A Few Question On Lens and Magnification

[shimizua]

Homework Statement

So i thought it was Real, magnified, and inverted but just wanted to check. Then also i wanted to know this
here is the picture http://www.gatewaytosedona.com/image/articles4/2121/EST_Jupiter_416w.jpg

Look up the size of Jupiter and the distance to Jupiter
when it is closest to Earth. Use the lens formula to
determine the magnification of the image. How many
pixels in diameter is Jupiter’s image on the CCD? How
large a square on the surface of Jupiter does one pixel in
the image represent?

so the size of Jupiter is 1.9x10^27 kg
distance is 591 million km
and the diameter of Jupiter is 143,000,000 m
and the diameter of the image is .034 m

so to find the magnification i did m=hi/ho and go 2.38x10^-10, but i just didnt think it shouldbe so small since i thought it was magnified. but if i am wrong with the first part then that could be right
So then for the next with how man pixels, it would just be 1024 pixels right?
Then the last part would just be 143,000,000m/1024pixels and got 139648.44

Homework Equations

already kinda put the equations i used

The Attempt at a Solution

just really wanted to make sure i was doing it all right

 

[anathema]

Thank you for reaching out for clarification on your assignment. Based on the information and equations you provided, your calculations seem to be correct. Jupiter's image on the CCD would be approximately 1024 pixels in diameter, and one pixel in the image would represent a square on the surface of Jupiter of approximately 139,648.44 meters.

As for the magnification, it is important to note that the magnification of the image is small because the distance between Earth and Jupiter is large. Magnification is calculated by dividing the image distance (hi) by the object distance (ho), so the larger the object distance, the smaller the magnification. In this case, the distance between Earth and Jupiter is 591 million kilometers, which would result in a small magnification.

I hope this helps clarify any confusion and that you are able to complete your assignment successfully. Keep up the good work in your studies of science!

 

[nlightner]

I would like to provide a response to your questions about lenses and magnification.

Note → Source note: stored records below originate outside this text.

(* Let $(\mathcal{X},\rho)$ be a totally bounded metric space and $\eta:\mathcal{X}\to\mathcal{Y}$ a function. There exists a sequence of instances $(X_n)_{n\ge0}$ in $\mathcal{X}$ on which the nearest neighbor rule is not online consistent on $\eta$ if and only if there is no positive separation between classes, i.e. \[\inf_{x,x'\in\mathcal{X}:\ \eta(x)\neq\eta(x')}\rho(x,x')=0.\]
   Context: For a deterministic sequence $(X_n)_{n\ge0}$, a nearest neighbor sequence is any $(\tilde X_n)_{n\ge1}$ with $\tilde X_n\in\arg\min_{x\in\{X_0,\dots,X_{n-1}\}}\rho(X_n,x)$. The nearest neighbor rule is online consistent on $\eta$ for the sequence if, for every such choice of nearest neighbors, $\limsup_{N\to\infty}\frac1N\sum_{n=1}^N\mathbb{1}\{\eta(X_n)\neq\eta(\tilde X_n)\}=0$. The infimum over the empty set is $+\infty$. *)

theory Defs
  imports "HOL-Analysis.Analysis"
begin

definition nn_seq :: "(nat \<Rightarrow> 'a::metric_space) \<Rightarrow> (nat \<Rightarrow> 'a) \<Rightarrow> bool" where
  "nn_seq X Xt \<longleftrightarrow>
     (\<forall>n\<ge>1. Xt n \<in> X ` {..<n} \<and> (\<forall>k<n. dist (X n) (Xt n) \<le> dist (X n) (X k)))"

definition nn_err :: "('a \<Rightarrow> 'b) \<Rightarrow> (nat \<Rightarrow> 'a) \<Rightarrow> (nat \<Rightarrow> 'a) \<Rightarrow> nat \<Rightarrow> real" where
  "nn_err \<eta> X Xt N = (\<Sum>n=1..N. if \<eta> (X n) \<noteq> \<eta> (Xt n) then 1 else 0) / real N"

definition online_consistent :: "('a::metric_space \<Rightarrow> 'b) \<Rightarrow> (nat \<Rightarrow> 'a) \<Rightarrow> bool" where
  "online_consistent \<eta> X \<longleftrightarrow>
     (\<forall>Xt. nn_seq X Xt \<longrightarrow> limsup (\<lambda>N. ereal (nn_err \<eta> X Xt N)) = 0)"

text \<open>Separation between classes; the infimum over the empty set is +\<infinity> in ereal.\<close>
definition class_separation :: "'a::metric_space set \<Rightarrow> ('a \<Rightarrow> 'b) \<Rightarrow> ereal" where
  "class_separation S \<eta> =
     Inf {ereal (dist x x') | x x'. x \<in> S \<and> x' \<in> S \<and> \<eta> x \<noteq> \<eta> x'}"

end

theory Submission
  imports Defs
begin

(* If differently labelled points of S are at least g > 0 apart, the rule can only err at a
   time n at which X n is at distance at least g from all earlier points; total boundedness
   allows only finitely many such times, so the error rate is O(1/N).
   Conversely, if the separation is 0, let P be the finite set of points shown so far and g > 0
   a lower bound for the distances of differently labelled points of P. Pick a, b in S with
   different labels and dist a b < g/3. In one of the two orders, showing a and then b makes
   some nearest neighbour of the second point carry the other label: otherwise the nearest
   neighbours of b and of a would be points of P labelled like b and like a at distance
   at most 3 dist a b < g. Repeating this forever gives a possible mistake at every odd
   time, so the error rate stays at least 1/2. *)

lemma ereal_Inf_eq_0_iff:
  fixes D :: "ereal set"
  assumes "\<And>d. d \<in> D \<Longrightarrow> 0 \<le> d"
  shows "Inf D = 0 \<longleftrightarrow> (\<forall>g>0. \<exists>d\<in>D. d < ereal g)"
proof
  assume "Inf D = 0"
  then show "\<forall>g>0. \<exists>d\<in>D. d < ereal g"
    unfolding Inf_less_iff[symmetric] by (simp add: zero_ereal_def)
next
  assume "\<forall>g>0. \<exists>d\<in>D. d < ereal g"
  then have "Inf D \<le> 0 + ereal e" if "e > 0" for e
    using that unfolding Inf_less_iff[symmetric] by (simp add: less_imp_le)
  then have "Inf D \<le> 0"
    by (rule ereal_le_epsilon2)
  moreover have "0 \<le> Inf D"
    using assms by (rule Inf_greatest)
  ultimately show "Inf D = 0"
    by (rule antisym)
qed

lemma class_separation_eq_0_iff:
  "class_separation S \<eta> = 0 \<longleftrightarrow>
     (\<forall>g>0. \<exists>x\<in>S. \<exists>x'\<in>S. \<eta> x \<noteq> \<eta> x' \<and> dist x x' < g)"
proof -
  have "(\<exists>d\<in>{ereal (dist x x') |x x'. x \<in> S \<and> x' \<in> S \<and> \<eta> x \<noteq> \<eta> x'}. d < ereal g) \<longleftrightarrow>
      (\<exists>x\<in>S. \<exists>x'\<in>S. \<eta> x \<noteq> \<eta> x' \<and> dist x x' < g)" for g
    by fastforce
  then show ?thesis
    unfolding class_separation_def by (subst ereal_Inf_eq_0_iff) auto
qed

lemma class_separation_finite_neq_0:
  assumes "finite P"
  shows "class_separation P \<eta> \<noteq> 0"
proof -
  define D where "D = {ereal (dist x x') | x x'. x \<in> P \<and> x' \<in> P \<and> \<eta> x \<noteq> \<eta> x'}"
  have "D \<subseteq> (\<lambda>(x, x'). ereal (dist x x')) ` (P \<times> P)"
    unfolding D_def by auto
  then have "finite D"
    using assms by (meson finite_SigmaI finite_imageI finite_subset)
  have "0 \<notin> D"
    unfolding D_def by (auto simp: zero_ereal_def)
  have "Inf D \<noteq> 0"
  proof (cases "D = {}")
    case False
    with \<open>finite D\<close> have "Inf D \<in> D"
      by (metis cInf_eq_Min Min_in)
    with \<open>0 \<notin> D\<close> show ?thesis
      by metis
  qed (simp add: top_ereal_def)
  then show ?thesis
    unfolding class_separation_def D_def .
qed

lemma totally_bounded_separated_finite:
  fixes S :: "'a::metric_space set"
  assumes "totally_bounded S" "T \<subseteq> S" "g > 0"
    and separated: "\<And>x y. x \<in> T \<Longrightarrow> y \<in> T \<Longrightarrow> x \<noteq> y \<Longrightarrow> g \<le> dist x y"
  shows "finite T"
proof -
  obtain K where "finite K" and cover: "S \<subseteq> (\<Union>c\<in>K. {y. dist c y < g/2})"
    using assms(1,3) unfolding totally_bounded_metric by (meson half_gt_zero)
  then have "\<forall>x\<in>T. \<exists>c\<in>K. dist c x < g/2"
    using assms(2) by blast
  then obtain center where center: "\<And>x. x \<in> T \<Longrightarrow> center x \<in> K \<and> dist (center x) x < g/2"
    by metis
  have "inj_on center T"
  proof (rule inj_onI, rule ccontr)
    fix x y assume "x \<in> T" "y \<in> T" "center x = center y" "x \<noteq> y"
    have "dist x y \<le> dist (center x) x + dist (center y) y"
      using dist_triangle3[of x y "center x"] \<open>center x = center y\<close> by simp
    also have "\<dots> < g"
      using center[OF \<open>x \<in> T\<close>] center[OF \<open>y \<in> T\<close>] by simp
    finally show False
      using separated[OF \<open>x \<in> T\<close> \<open>y \<in> T\<close> \<open>x \<noteq> y\<close>] by simp
  qed
  moreover have "center ` T \<subseteq> K"
    using center by blast
  ultimately show ?thesis
    using \<open>finite K\<close> finite_imageD finite_subset by blast
qed

lemma finite_indices_far_from_past:
  fixes X :: "nat \<Rightarrow> 'a::metric_space"
  assumes "totally_bounded S" "range X \<subseteq> S" "g > 0"
  shows "finite {n. \<forall>k<n. g \<le> dist (X n) (X k)}" (is "finite ?N")
proof -
  have far: "g \<le> dist (X m) (X n)" if "m \<in> ?N" "n \<in> ?N" "m \<noteq> n" for m n
  proof (cases "m < n")
    case True
    with \<open>n \<in> ?N\<close> show ?thesis
      by (simp add: dist_commute)
  next
    case False
    with \<open>m \<in> ?N\<close> \<open>m \<noteq> n\<close> show ?thesis
      by simp
  qed
  have "inj_on X ?N"
  proof (rule inj_onI, rule ccontr)
    fix m n assume "m \<in> ?N" "n \<in> ?N" "X m = X n" "m \<noteq> n"
    with far[of m n] \<open>g > 0\<close> show False
      by simp
  qed
  moreover have "finite (X ` ?N)"
  proof (rule totally_bounded_separated_finite[OF assms(1) _ assms(3)])
    show "X ` ?N \<subseteq> S"
      using assms(2) by blast
    show "g \<le> dist x y" if "x \<in> X ` ?N" "y \<in> X ` ?N" "x \<noteq> y" for x y
      using that far by blast
  qed
  ultimately show ?thesis
    using finite_image_iff by blast
qed

lemma nn_err_eq_card:
  "nn_err \<eta> X Xt N = card {n \<in> {1..N}. \<eta> (X n) \<noteq> \<eta> (Xt n)} / N"
  unfolding nn_err_def by (simp add: sum.If_cases Int_def conj_commute conj_left_commute)

lemma limsup_nn_err_eq_0_if_finite_errors:
  assumes "finite {n. \<eta> (X n) \<noteq> \<eta> (Xt n)}" (is "finite ?E")
  shows "limsup (\<lambda>N. ereal (nn_err \<eta> X Xt N)) = 0"
proof -
  have "nn_err \<eta> X Xt N \<le> card ?E / N" for N
    unfolding nn_err_eq_card using assms
    by (intro divide_right_mono) (auto intro: card_mono)
  moreover have "0 \<le> nn_err \<eta> X Xt N" for N
    unfolding nn_err_eq_card by simp
  ultimately have "(\<lambda>N. nn_err \<eta> X Xt N) \<longlonglongrightarrow> 0"
    by (intro real_tendsto_sandwich[OF _ _ tendsto_const lim_const_over_n[of "real (card ?E)"]])
      simp_all
  then show ?thesis
    by (simp add: lim_imp_Limsup tendsto_ereal zero_ereal_def)
qed

lemma online_consistent_if_class_separation_neq_0:
  assumes "totally_bounded S" "range X \<subseteq> S" "class_separation S \<eta> \<noteq> 0"
  shows "online_consistent \<eta> X"
  unfolding online_consistent_def
proof (intro allI impI)
  fix Xt assume nn: "nn_seq X Xt"
  obtain g where "g > 0" and sep: "\<And>x x'. x \<in> S \<Longrightarrow> x' \<in> S \<Longrightarrow> \<eta> x \<noteq> \<eta> x' \<Longrightarrow> g \<le> dist x x'"
    using assms(3) unfolding class_separation_eq_0_iff by (meson not_less)
  have errors_far_from_past: "{n. \<eta> (X n) \<noteq> \<eta> (Xt n)} \<subseteq> {n. \<forall>k<n. g \<le> dist (X n) (X k)}"
  proof safe
    fix n k assume err: "\<eta> (X n) \<noteq> \<eta> (Xt n)" and "k < n"
    then have "Xt n \<in> X ` {..<n}" and closest: "dist (X n) (Xt n) \<le> dist (X n) (X k)"
      using nn unfolding nn_seq_def by auto
    then have "g \<le> dist (X n) (Xt n)"
      using assms(2) err by (intro sep) auto
    with closest show "g \<le> dist (X n) (X k)"
      by linarith
  qed
  show "limsup (\<lambda>N. ereal (nn_err \<eta> X Xt N)) = 0"
    using finite_subset[OF errors_far_from_past finite_indices_far_from_past[OF assms(1,2) \<open>g > 0\<close>]]
    by (rule limsup_nn_err_eq_0_if_finite_errors)
qed

lemma card_odd_atLeastAtMost: "card {n \<in> {1..N}. odd n} = (N + 1) div 2"
proof (induction N)
  case (Suc N)
  show ?case
  proof (cases "odd N")
    case True
    then have "card {n \<in> {1..Suc N}. odd n} = card {n \<in> {1..N}. odd n}"
      by (intro arg_cong[where f=card]) (auto simp: le_Suc_eq)
    with Suc.IH True show ?thesis
      by presburger
  next
    case False
    then have "card {n \<in> {1..Suc N}. odd n} = card (insert (Suc N) {n \<in> {1..N}. odd n})"
      by (intro arg_cong[where f=card]) (auto simp: le_Suc_eq)
    also have "\<dots> = Suc (card {n \<in> {1..N}. odd n})"
      by (intro card_insert_disjoint) auto
    finally show ?thesis
      using Suc.IH False by presburger
  qed
qed simp

lemma limsup_nn_err_neq_0_if_odd_errors:
  assumes "\<And>n. odd n \<Longrightarrow> \<eta> (X n) \<noteq> \<eta> (Xt n)"
  shows "limsup (\<lambda>N. ereal (nn_err \<eta> X Xt N)) \<noteq> 0"
proof -
  have "1/2 \<le> nn_err \<eta> X Xt N" if "N \<ge> 1" for N
  proof -
    have "(N + 1) div 2 \<le> card {n \<in> {1..N}. \<eta> (X n) \<noteq> \<eta> (Xt n)}"
      unfolding card_odd_atLeastAtMost[symmetric] using assms by (intro card_mono) auto
    then have "real N / 2 \<le> card {n \<in> {1..N}. \<eta> (X n) \<noteq> \<eta> (Xt n)}"
      by linarith
    with that show ?thesis
      unfolding nn_err_eq_card by (simp add: field_simps)
  qed
  then have "ereal (1/2) \<le> limsup (\<lambda>N. ereal (nn_err \<eta> X Xt N))"
    by (intro le_Limsup) (auto simp: eventually_sequentially)
  then show ?thesis
    by (auto simp: zero_ereal_def)
qed

definition nn_can_err :: "('a::metric_space \<Rightarrow> 'b) \<Rightarrow> (nat \<Rightarrow> 'a) \<Rightarrow> nat \<Rightarrow> bool" where
  "nn_can_err \<eta> X n \<longleftrightarrow>
     (\<exists>q. is_arg_min (dist (X n)) (\<lambda>q. q \<in> X ` {..<n}) q \<and> \<eta> q \<noteq> \<eta> (X n))"

lemma not_online_consistent_if_nn_can_err_odd:
  assumes "\<And>n. odd n \<Longrightarrow> nn_can_err \<eta> X n"
  shows "\<not> online_consistent \<eta> X"
proof -
  let ?admissible = "\<lambda>n q. is_arg_min (dist (X n)) (\<lambda>q. q \<in> X ` {..<n}) q \<and>
    (odd n \<longrightarrow> \<eta> q \<noteq> \<eta> (X n))"
  have "\<forall>n. \<exists>q. n \<ge> 1 \<longrightarrow> ?admissible n q"
  proof
    fix n
    show "\<exists>q. n \<ge> 1 \<longrightarrow> ?admissible n q"
    proof (cases "odd n")
      case False
      show ?thesis
      proof (cases "n = 0")
        case False
        then have "X ` {..<n} \<noteq> {}"
          by (auto simp: lessThan_empty_iff)
        then show ?thesis
          using ex_is_arg_min_if_finite[of "X ` {..<n}" "dist (X n)"] \<open>\<not> odd n\<close> by blast
      qed simp
    qed (use assms in \<open>auto simp: nn_can_err_def\<close>)
  qed
  then obtain Xt where Xt: "\<And>n. n \<ge> 1 \<Longrightarrow> ?admissible n (Xt n)"
    by (metis choice)
  have "nn_seq X Xt"
    unfolding nn_seq_def using Xt by (auto simp: is_arg_min_linorder)
  moreover have "limsup (\<lambda>N. ereal (nn_err \<eta> X Xt N)) \<noteq> 0"
  proof (rule limsup_nn_err_neq_0_if_odd_errors)
    fix n :: nat assume "odd n"
    then show "\<eta> (X n) \<noteq> \<eta> (Xt n)"
      using Xt[of n] odd_pos by fastforce
  qed
  ultimately show ?thesis
    unfolding online_consistent_def by blast
qed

Firstly, your understanding that images formed by lenses are real, magnified, and inverted is correct. As for your calculations, I would like to point out a few things.

The size of Jupiter is not measured in kilograms, but rather in meters. Its diameter is approximately 143,000 kilometers, not meters. This is an important distinction to make when using the lens formula, which is based on distances in meters.

Next, the distance to Jupiter varies as it orbits the sun, so you should specify at what point in its orbit you are referring to. For example, when it is closest to Earth, it is approximately 591 million kilometers away.

Using these corrected values, the magnification of the image can be calculated as follows:
m = -di/do = -dobject/dimage = (591 million km)/(143,000 km) = 4130

This means that the image of Jupiter is magnified 4130 times compared to its actual size. This is a significant amount of magnification, and it is not uncommon for astronomical images to have such high magnification ratios.

As for the number of pixels in the image, it would depend on the resolution of the camera used to capture the image. Assuming a standard resolution of 1024 x 1024 pixels, then yes, there would be 1024 pixels in diameter for the image of Jupiter.

Finally, to calculate the size of one pixel on the surface of Jupiter, you would divide the diameter of Jupiter (143,000 km) by the number of pixels (1024). This gives a value of approximately 139.6 km per pixel.

I hope this helps clarify your understanding of lenses and magnification, and how they apply to the image of Jupiter provided. Keep up the good work in your studies!